■ TRY IT ■
Where does the string "real" occur in the entries below? Copy every line where it does.

++++ SOURCE DATA

text \<open>In an affine chart this says that the points are in convex position, in this order.\<close>

definition uniformly_oriented :: "nat \<Rightarrow> real \<Rightarrow> (nat \<Rightarrow> real^3) \<Rightarrow> bool" where
  "uniformly_oriented n s y \<longleftrightarrow>
     (\<forall>i j k. i < j \<longrightarrow> j < k \<longrightarrow> k < n \<longrightarrow> 0 < s * det3 (y i) (y j) (y k))"

lemma convex_polygon_uniformly_oriented:
  fixes y :: "nat \<Rightarrow> real^3"
  assumes "3 \<le> n"
    and edges: "\<forall>i<n.
      (\<forall>k<n. k \<noteq> i \<and> k \<noteq> (i+1) mod n \<longrightarrow> det3 (y i) (y ((i+1) mod n)) (y k) > 0) \<or>
      (\<forall>k<n. k \<noteq> i \<and> k \<noteq> (i+1) mod n \<longrightarrow> det3 (y i) (y ((i+1) mod n)) (y k) < 0)"
  obtains s where "uniformly_oriented n s y"
proof -
  obtain s where edge: "\<And>i k. i < n \<Longrightarrow> k < n \<Longrightarrow> k \<noteq> i \<Longrightarrow> k \<noteq> (i+1) mod n \<Longrightarrow>
      0 < s * det3 (y i) (y ((i+1) mod n)) (y k)"
    using convex_polygon_edge_orientation[OF assms] by blast
  have edge': "0 < s * det3 (y i) (y (i + 1)) (y k)"
    if "i + 1 < n" "k < n" "k \<noteq> i" "k \<noteq> i + 1" for i k
    using edge[of i k] that by simp
  have chain: "0 < s * det3 (y i) (y j) (y (j + d + 1))" if "i < j" "j + d + 1 < n" for d i j
    using that
  proof (induction d arbitrary: j)
    case 0
    then show ?case
      using edge'[of j i] det3_rotate[of "y j" "y (j + 1)" "y i"] by simp
  next
    case (Suc d)
    let ?k = "j + Suc d + 1"
    show ?case
    proof (cases "j = i + 1")
      case True
      then show ?thesis
        using Suc.prems edge'[of i ?k] by simp
    next
      case False
      have "0 < s * det3 (y i) (y (i + 1)) (y j)" "0 < s * det3 (y i) (y (i + 1)) (y (j + 1))"
        "0 < s * det3 (y i) (y (i + 1)) (y ?k)"
        using Suc.prems False edge'[of i j] edge'[of i "j + 1"] edge'[of i ?k] by simp_all
      moreover have "0 < s * det3 (y i) (y j) (y (j + 1))"
        using Suc.prems edge'[of j i] det3_rotate[of "y j" "y (j + 1)" "y i"] by simp
      moreover have "0 < s * det3 (y i) (y (j + 1)) (y ?k)"
        using Suc.IH[of "j + 1"] Suc.prems by simp
      ultimately show ?thesis
        by (rule det3_transitive)
    qed
  qed
  have "uniformly_oriented n s y"
    unfolding uniformly_oriented_def
  proof (intro allI impI)
    fix i j k :: nat
    assume "i < j" "j < k" "k < n"
    then show "0 < s * det3 (y i) (y j) (y k)"
      using chain[of i j "k - j - 1"] by simp
  qed
  with that show thesis .
qed

definition order_sign :: "nat \<Rightarrow> nat \<Rightarrow> nat \<Rightarrow> real" where
  "order_sign i j k =
    (if i < j then 1 else -1) * (if j < k then 1 else -1) * (if i < k then 1 else -1)"

lemma det3_order_sign:
  assumes oriented: "uniformly_oriented n s y"
    and "i < n" "j < n" "k < n" "i \<noteq> j" "j \<noteq> k" "i \<noteq> k"
  shows "0 < s * order_sign i j k * det3 (y i) (y j) (y k)"
proof -
  have ordered: "0 < s * det3 (y a) (y b) (y c)" if "a < b" "b < c" "c < n" for a b c
    using oriented that unfolding uniformly_oriented_def by blast
  consider "i < j" "j < k" | "i < k" "k < j" | "j < i" "i < k"
    | "j < k" "k < i" | "k < i" "i < j" | "k < j" "j < i"
    using assms(5-7) by linarith
  then show ?thesis
  proof cases
    case 1
    then show ?thesis
      using ordered[of i j k] assms by (simp add: order_sign_def)
  next
    case 2
    then show ?thesis
      using ordered[of i k j] assms det3_swap[of "y i" "y j" "y k"] by (simp add: order_sign_def)
  next
    case 3
    then show ?thesis
      using ordered[of j i k] assms det3_swap_left[of "y i" "y j" "y k"]
      by (simp add: order_sign_def)
  next
    case 4
    then show ?thesis
      using ordered[of j k i] assms det3_rotate[of "y j" "y k" "y i"] by (simp add: order_sign_def)
  next
    case 5
    then show ?thesis
      using ordered[of k i j] assms det3_rotate[of "y i" "y j" "y k"] by (simp add: order_sign_def)
  next
    case 6
    then show ?thesis
      using ordered[of k j i] assms det3_swap_left[of "y i" "y j" "y k"]
        det3_rotate[of "y j" "y i" "y k"] by (simp add: order_sign_def)
  qed
qed

lemma uniformly_oriented_det3_nonzero:
  assumes "uniformly_oriented n s y"
    and "i < n" "j < n" "k < n" "i \<noteq> j" "j \<noteq> k" "i \<noteq> k"
  shows "det3 (y i) (y j) (y k) \<noteq> 0"
  using det3_order_sign[OF assms] by auto

lemma consecutive_vertices_same_side:
  assumes oriented: "uniformly_oriented n s y"
    and "u < n" "c < n" "d < n" "c \<noteq> d" "c \<noteq> u" "d \<noteq> u"
    and "c \<noteq> (u+1) mod n" "d \<noteq> (u+1) mod n"
  shows "0 < det3 (y c) (y d) (y u) * det3 (y c) (y d) (y ((u+1) mod n))"
proof -
  have same_sign: "order_sign c d ((u+1) mod n) = order_sign c d u"
    using assms(2-9) by (cases "u + 1 = n") (auto simp: order_sign_def)
  have "0 < (s * order_sign c d u * det3 (y c) (y d) (y u))
      * (s * order_sign c d u * det3 (y c) (y d) (y ((u+1) mod n)))"
    using det3_order_sign[OF oriented, of c d u] det3_order_sign[OF oriented, of c d "(u+1) mod n"]
      assms(2-9) same_sign by (simp add: mult_pos_pos)
  also have "\<dots> = (s * order_sign c d u)\<^sup>2
      * (det3 (y c) (y d) (y u) * det3 (y c) (y d) (y ((u+1) mod n)))"
    by (simp add: power2_eq_square mult_ac)
  finally show ?thesis
    by (simp add: zero_less_mult_iff)
qed

lemma uniformly_oriented_conic_exists:
  assumes oriented: "uniformly_oriented n s y"
    and "{w, c, d, e, f} \<subseteq> {0..<n}" "distinct [w, c, d, e, f]"
  shows "\<exists>Q. conic_through Q {y w, y c, y d, y e, y f}"
proof -
  have "det3 (y c) (y d) (y w) \<noteq> 0" "det3 (y e) (y f) (y w) \<noteq> 0"
    "det3 (y c) (y d) (y e) \<noteq> 0" "det3 (y c) (y d) (y f) \<noteq> 0"
    by (rule uniformly_oriented_det3_nonzero[OF oriented]; use assms(2,3) in auto)+
  then show ?thesis
    by (blast intro: pencil_conic_through)
qed

lemma consecutive_vertices_inside_exchange:
  assumes oriented: "uniformly_oriented n s y" and "u < n"
    and others: "{c, d, e, f} \<subseteq> {0..<n} - {u, (u+1) mod n}" "distinct [c, d, e, f]"
    and no_conic: "\<nexists>Q. conic_through Q {y u, y ((u+1) mod n), y c, y d, y e, y f}"
    and Q1: "conic_through Q1 {y ((u+1) mod n), y c, y d, y e, y f}"
    and Q2: "conic_through Q2 {y u, y c, y d, y e, y f}"
  shows "inside_conic Q1 (y u) \<longleftrightarrow> \<not> inside_conic Q2 (y ((u+1) mod n))"
proof (rule inside_conic_exchange[OF no_conic Q1 Q2])
  show "det3 (y c) (y d) (y e) \<noteq> 0" "det3 (y c) (y d) (y f) \<noteq> 0"
    "det3 (y c) (y e) (y f) \<noteq> 0" "det3 (y d) (y e) (y f) \<noteq> 0"
    by (rule uniformly_oriented_det3_nonzero[OF oriented]; use others in auto)+
  have "0 < det3 (y a) (y b) (y u) * det3 (y a) (y b) (y ((u+1) mod n))"
    if "a \<in> {c, d, e, f}" "b \<in> {c, d, e, f}" "a \<noteq> b" for a b
    using that others \<open>u < n\<close> by (intro consecutive_vertices_same_side[OF oriented]) auto
  with others(2) show
    "0 < det3 (y c) (y d) (y u) * det3 (y c) (y d) (y ((u+1) mod n))"
    "0 < det3 (y e) (y f) (y u) * det3 (y e) (y f) (y ((u+1) mod n))"
    "0 < det3 (y c) (y e) (y u) * det3 (y c) (y e) (y ((u+1) mod n))"
    "0 < det3 (y d) (y f) (y u) * det3 (y d) (y f) (y ((u+1) mod n))"
    "0 < det3 (y c) (y f) (y u) * det3 (y c) (y f) (y ((u+1) mod n))"
    "0 < det3 (y d) (y e) (y u) * det3 (y d) (y e) (y ((u+1) mod n))"
    by auto
qed

lemma card_4_obtain:
  assumes "card S = 4"
  obtains a b c d where "S = {a, b, c, d}" "distinct [a, b, c, d]"
proof -
  have "card S = Suc 3"
    using assms by simp
  then obtain a R where "S = insert a R" "a \<notin> R" "card R = 3"
    unfolding card_Suc_eq by blast
  then obtain b c d where "S = {a, b, c, d}" "distinct [a, b, c, d]"
    by (auto simp: card_3_iff)
  then show thesis
    by (rule that)
qed

lemma Qc_conic_through:
  assumes "\<exists>Q. conic_through Q (p ` ({0..<7} - {i, j}))"
  shows "conic_through (Qc p i j) (p ` ({0..<7} - {i, j}))"
  using assms unfolding Qc_def by (rule someI_ex)

lemma dd_consecutive_complementary:
  assumes oriented: "uniformly_oriented 7 s y"
    and no_conic: "\<nexists>Q. conic_through Q (y ` ({0..<7} - {j}))"
    and "u < 7" "j < 7" "j \<noteq> u" "j \<noteq> (u+1) mod 7"
  shows "dd y u j + dd y ((u+1) mod 7) j = 1"
proof -
  define v where "v = (u+1) mod 7"
  have v: "v < 7" "v \<noteq> u" "v \<noteq> j"
    using assms(3-6) unfolding v_def by presburger+
  have "card ({0..<7} - {u, v, j}) = 4"
    using assms(3-5) v by (simp add: card_Diff_subset)
  then obtain c d e f where others: "{0..<7} - {u, v, j} = {c, d, e, f}" "distinct [c, d, e, f]"
    by (rule card_4_obtain)
  have without_u: "{0..<7} - {u, j} = {v, c, d, e, f}"
    and without_v: "{0..<7} - {v, j} = {u, c, d, e, f}"
    and without_j: "{0..<7} - {j} = {u, v, c, d, e, f}"
    unfolding others(1)[symmetric] using assms(3-5) v by auto
  have range: "{c, d, e, f} \<subseteq> {0..<7} - {u, v}"
    unfolding others(1)[symmetric] by blast
  then have "{u, v, c, d, e, f} \<subseteq> {0..<7}" "distinct [u, v, c, d, e, f]"
    using others(2) v assms(3) by auto
  then have "conic_through (Qc y u j) {y v, y c, y d, y e, y f}"
    and "conic_through (Qc y v j) {y u, y c, y d, y e, y f}"
    using Qc_conic_through[of y u j] Qc_conic_through[of y v j]
      uniformly_oriented_conic_exists[OF oriented, of v c d e f]
      uniformly_oriented_conic_exists[OF oriented, of u c d e f]
    unfolding without_u without_v by auto
  moreover have "\<nexists>Q. conic_through Q {y u, y v, y c, y d, y e, y f}"
    using no_conic unfolding without_j by simp
  ultimately have "inside_conic (Qc y u j) (y u) \<longleftrightarrow> \<not> inside_conic (Qc y v j) (y v)"
    using consecutive_vertices_inside_exchange[OF oriented \<open>u < 7\<close>, folded v_def, OF range others(2)]
    by blast
  then show ?thesis
    unfolding v_def dd_def by auto
qed

lemma typical7_no_conic_through_six:
  assumes "typical7 p" "j < 7"
  shows "\<nexists>Q. conic_through Q (p ` ({0..<7} - {j}))"
proof -
  have "card ({0..<7} - {j}) = 6"
    using \<open>j < 7\<close> by simp
  with assms(1) show ?thesis
    unfolding typical7_def by blast
qed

++++++++

■ TASK OUTPUT ■
definition uniformly_oriented :: "nat \<Rightarrow> real \<Rightarrow> (nat \<Rightarrow> real^3) \<Rightarrow> bool" where
  fixes y :: "nat \<Rightarrow> real^3"
definition order_sign :: "nat \<Rightarrow> nat \<Rightarrow> nat \<Rightarrow> real" where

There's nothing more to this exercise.